同頻詞處理可以幫助古籍文獻知識強調個性化信息。頻數統計學具有嚴謹性與科學性,幫助自然科學領域的研究人員發現許多突破性的進展,在人文社科領域也廣泛應用, 更有研究人員建議創建文化計量學,對大量的歷史文字進行分析,構建精準的人類文化史[14-15]。古籍文獻知識也需要使用頻數統計學,從而進行古籍知識組織,但是與強調共性的頻數統計學不同,古籍文獻的最小知識單元(詞)具有很強的個性特性,不能因頻數統計學的優點而忽視其缺點,相反要在最大程度考慮古籍文獻知識個性的基礎上進行知識計算,達到“西學中用”的效果。古籍文獻詞頻統計中會存在長尾分布,導致實體與關系事實難以進行有效理解與推理[16],基于頻數-位次統計學的同頻詞處理就是可供參考的解決辦法之一,在納入古籍文獻知識個性的前提條件下進行知識計算。
中華文化源遠流長,海量的古籍文獻是前人智慧的結晶,利用知識計算挖掘古籍文獻對提升我國的文化自信具有重要的現實意義。 新型的知識計算技術能夠自動化解析文本信息,實現知識的外顯化,但目前的知識計算尚存在可完善之處。 本文以齊普夫定律作為理論基礎,從信息的最小單元(詞)入手,使用成熟且客觀的計量學方法對以《史記·本紀》部分為例的古籍文獻進行統計分析,區分高低詞頻,并引入頻數-位次統計學,既充分使用頻數統計學的優勢,又結合古籍文獻知識個性化的特點,使客觀情報信息含量損失最小化,為后續的知識計算提供一定的參考。

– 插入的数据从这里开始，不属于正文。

locale two_odd_cycle_cuts =
  fixes V :: "'a set" and E :: "'a \<Rightarrow> 'a \<Rightarrow> bool"
    and XB XC XR AB AC AR :: "'a set" and fX fA :: "'a \<Rightarrow> bool"
  assumes graph: "graph V E"
    and X_OCC: "OCC V E XB XC XR"
    and A_OCC: "OCC V E AB AC AR"
    and X_col: "proper_2col E XB fX"
    and A_col: "proper_2col E AB fA"
begin

definition agreeing :: "'a set" where
  "agreeing = {b \<in> XB. \<exists>c \<in> XC \<inter> AB. E b c \<and> fX b = fA c}"

definition disagreeing :: "'a set" where
  "disagreeing = {b \<in> XB. \<exists>c \<in> XC \<inter> AB. E b c \<and> fX b \<noteq> fA c}"

definition touching_AR :: "'a set" where
  "touching_AR = nbhd E (XC \<inter> AR) \<inter> XB"

lemma sym: "E u v \<Longrightarrow> E v u"
  using graph unfolding graph_def by blast

lemma edge_flips_colours:
  assumes "E u v" "u \<in> XB \<inter> AB" "v \<in> XB \<inter> AB"
  shows "fX u \<noteq> fX v" "fA u \<noteq> fA v"
  using assms X_col A_col unfolding proper_2col_def by blast+

lemma agreeing_outside_AC:
  assumes "b \<in> agreeing" "b \<notin> AC"
  shows "b \<in> AB \<and> fX b \<noteq> fA b"
proof -
  obtain c where c: "c \<in> AB" "E c b" "fX b = fA c"
    using assms(1) sym unfolding agreeing_def by blast
  then have "b \<in> AB" using OCC_edge_closed_B[OF graph A_OCC] assms(2) by blast
  with c show ?thesis using A_col unfolding proper_2col_def by blast
qed

lemma disagreeing_outside_AC:
  assumes "b \<in> disagreeing" "b \<notin> AC"
  shows "b \<in> AB \<and> fX b = fA b"
proof -
  obtain c where c: "c \<in> AB" "E c b" "fX b \<noteq> fA c"
    using assms(1) sym unfolding disagreeing_def by blast
  then have "b \<in> AB" using OCC_edge_closed_B[OF graph A_OCC] assms(2) by blast
  with c show ?thesis using A_col unfolding proper_2col_def by blast
qed

lemma touching_AR_outside_AC:
  "b \<in> touching_AR \<Longrightarrow> b \<notin> AC \<Longrightarrow> b \<in> AR"
  using OCC_edge_closed_R[OF graph A_OCC] unfolding touching_AR_def nbhd_def by blast

lemma AB_disjoint_touching_AR: "b \<in> AB \<Longrightarrow> b \<notin> touching_AR"
  using A_OCC sym unfolding touching_AR_def nbhd_def OCC_def by blast

lemma AR_disjoint_attached: "b \<in> AR \<Longrightarrow> b \<notin> agreeing \<and> b \<notin> disagreeing"
  using A_OCC sym unfolding agreeing_def disagreeing_def OCC_def by blast

lemma separates_by_AB_invariant:
  assumes "\<And>b. b \<in> S \<Longrightarrow> b \<notin> AC \<Longrightarrow> b \<in> AB \<and> Q b"
    and "\<And>b. b \<in> T \<Longrightarrow> b \<notin> AC \<Longrightarrow> b \<in> AB \<Longrightarrow> \<not> Q b"
    and "\<And>u v. E u v \<Longrightarrow> u \<in> XB \<inter> AB \<Longrightarrow> v \<in> XB \<inter> AB \<Longrightarrow> Q u \<Longrightarrow> Q v"
  shows "separates E XB (AC \<inter> XB) S T"
  using OCC_edge_closed_B[OF graph A_OCC] assms
  by (intro separates_by_invariant[where P = "\<lambda>v. v \<in> AB \<and> Q v"]) blast+

lemma AC_separates_attached_sets:
  "family_sep E XB [agreeing, disagreeing, touching_AR] (AC \<inter> XB)"
proof -
  have "separates E XB (AC \<inter> XB) agreeing disagreeing"
    using agreeing_outside_AC disagreeing_outside_AC edge_flips_colours
    by (intro separates_by_AB_invariant[where Q = "\<lambda>v. fX v \<noteq> fA v"]) blast+
  moreover have "separates E XB (AC \<inter> XB) disagreeing agreeing"
    using agreeing_outside_AC disagreeing_outside_AC edge_flips_colours
    by (intro separates_by_AB_invariant[where Q = "\<lambda>v. fX v = fA v"]) blast+
  moreover have "separates E XB (AC \<inter> XB) S touching_AR"
    if "S = agreeing \<or> S = disagreeing" for S
    using that agreeing_outside_AC disagreeing_outside_AC AB_disjoint_touching_AR
    by (intro separates_by_AB_invariant[where Q = "\<lambda>_. True"]) blast+
  moreover have "separates E XB (AC \<inter> XB) touching_AR S"
    if "S = agreeing \<or> S = disagreeing" for S
    using that touching_AR_outside_AC AR_disjoint_attached
      OCC_edge_closed_R[OF graph A_OCC]
    by (intro separates_by_invariant[where P = "\<lambda>v. v \<in> AR"]) blast+
  ultimately show ?thesis unfolding family_sep_triple by blast
qed

lemma bipartite_without_separator:
  assumes sep: "separates E XB Y agreeing disagreeing"
  shows "bipartite_on E ((AB \<union> AC) - (AC - XB) - Y)"
proof -
  let ?S = "(AB \<union> AC) - (AC - XB) - Y"
  define reaches_R where "reaches_R v \<longleftrightarrow> (\<exists>r \<in> disagreeing. conn_in E (XB - Y) v r)" for v
  define g where "g v = (if v \<in> XB then fX v = reaches_R v else fA v)" for v
  have cross: "g u \<noteq> g v"
    if e: "E u v" and u: "u \<in> XB - Y" and v: "v \<in> AB - XB" for u v
  proof -
    have "v \<in> XC" using X_OCC e u v graph unfolding OCC_def graph_def by blast
    show ?thesis
    proof (cases "fX u = fA v")
      case True
      then have "u \<in> agreeing" unfolding agreeing_def using e u v \<open>v \<in> XC\<close> by blast
      then have "\<not> reaches_R u" using sep unfolding reaches_R_def separates_def by blast
      then show ?thesis unfolding g_def using u v True by simp
    next
      case False
      then have "u \<in> disagreeing" unfolding disagreeing_def using e u v \<open>v \<in> XC\<close> by blast
      moreover have "conn_in E (XB - Y) u u" using u unfolding conn_in_def by blast
      ultimately have "reaches_R u" unfolding reaches_R_def by blast
      then show ?thesis unfolding g_def using u v False by simp
    qed
  qed
  have inside: "g u \<noteq> g v" if e: "E u v" and u: "u \<in> XB - Y" and v: "v \<in> XB - Y" for u v
  proof -
    have "conn_in E (XB - Y) u v" "conn_in E (XB - Y) v u"
      using conn_in_edge[of E] sym e u v by blast+
    then have "reaches_R u = reaches_R v"
      unfolding reaches_R_def by (meson conn_in_trans)
    moreover have "fX u \<noteq> fX v" using X_col e u v unfolding proper_2col_def by blast
    ultimately show ?thesis unfolding g_def using u v by auto
  qed
  have "proper_2col E ?S g"
    unfolding proper_2col_def
  proof (intro ballI impI)
    fix u v assume "u \<in> ?S" "v \<in> ?S" "E u v"
    then consider "u \<in> XB - Y" "v \<in> XB - Y" | "u \<in> XB - Y" "v \<in> AB - XB"
      | "u \<in> AB - XB" "v \<in> XB - Y" | "u \<in> AB - XB" "v \<in> AB - XB" by blast
    then show "g u \<noteq> g v"
    proof cases
      case 4
      then show ?thesis using A_col \<open>E u v\<close> unfolding g_def proper_2col_def by auto
    qed (use inside cross sym \<open>E u v\<close> in metis)+
  qed
  then show ?thesis unfolding bipartite_on_def by blast
qed

lemma card_AC_le_separator:
  assumes tight: "card AC = oct E (AB \<union> AC)"
    and sep: "separates E XB Y agreeing disagreeing" and "Y \<subseteq> XB"
  shows "card (AC \<inter> XB) \<le> card Y"
proof -
  have "finite V" using graph unfolding graph_def by (elim conjE)
  moreover have "AB \<union> AC \<subseteq> V" "Y \<subseteq> V"
    using OCC_subset[OF A_OCC] OCC_subset[OF X_OCC] \<open>Y \<subseteq> XB\<close> by blast+
  ultimately have fin: "finite (AB \<union> AC)" "finite Y"
    by (auto intro: rev_finite_subset)
  define T where "T = (AC - XB) \<union> (Y \<inter> (AB \<union> AC))"
  have "T \<subseteq> AB \<union> AC" "(AB \<union> AC) - T = (AB \<union> AC) - (AC - XB) - Y"
    unfolding T_def by blast+
  then have "oct E (AB \<union> AC) \<le> card T"
    using oct_le_card[OF fin(1)] bipartite_without_separator[OF sep] by simp
  also have "\<dots> \<le> card (AC - XB) + card (Y \<inter> (AB \<union> AC))"
    unfolding T_def by (rule card_Un_le)
  also have "\<dots> \<le> card (AC - XB) + card Y"
    using card_mono[OF fin(2), of "Y \<inter> (AB \<union> AC)"] by simp
  finally have "card AC \<le> card (AC - XB) + card Y" using tight by simp
  moreover have "card AC = card (AC \<inter> XB) + card (AC - XB)"
    using fin card_Int_Diff[of AC XB] by (simp add: finite_Un)
  ultimately show ?thesis by simp
qed

end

本文的貢獻在于利用計量學進行知識計算,并探索出一套理論上可行且實際操作較為容易的流程,提高了古籍文獻知識組織效率,也為后續古籍文獻知識組織以計量學結果為客觀標準提供了一個可行的思路。以本文所發展的基礎指標為依據,后續研究中可基于對古籍文獻的自然語言處理、機器學習和知識圖譜等方法,展開進一步的研究。此方面的研究,可望在未來的古籍文獻知識組織與知識服務中,發揮越來越大的作用。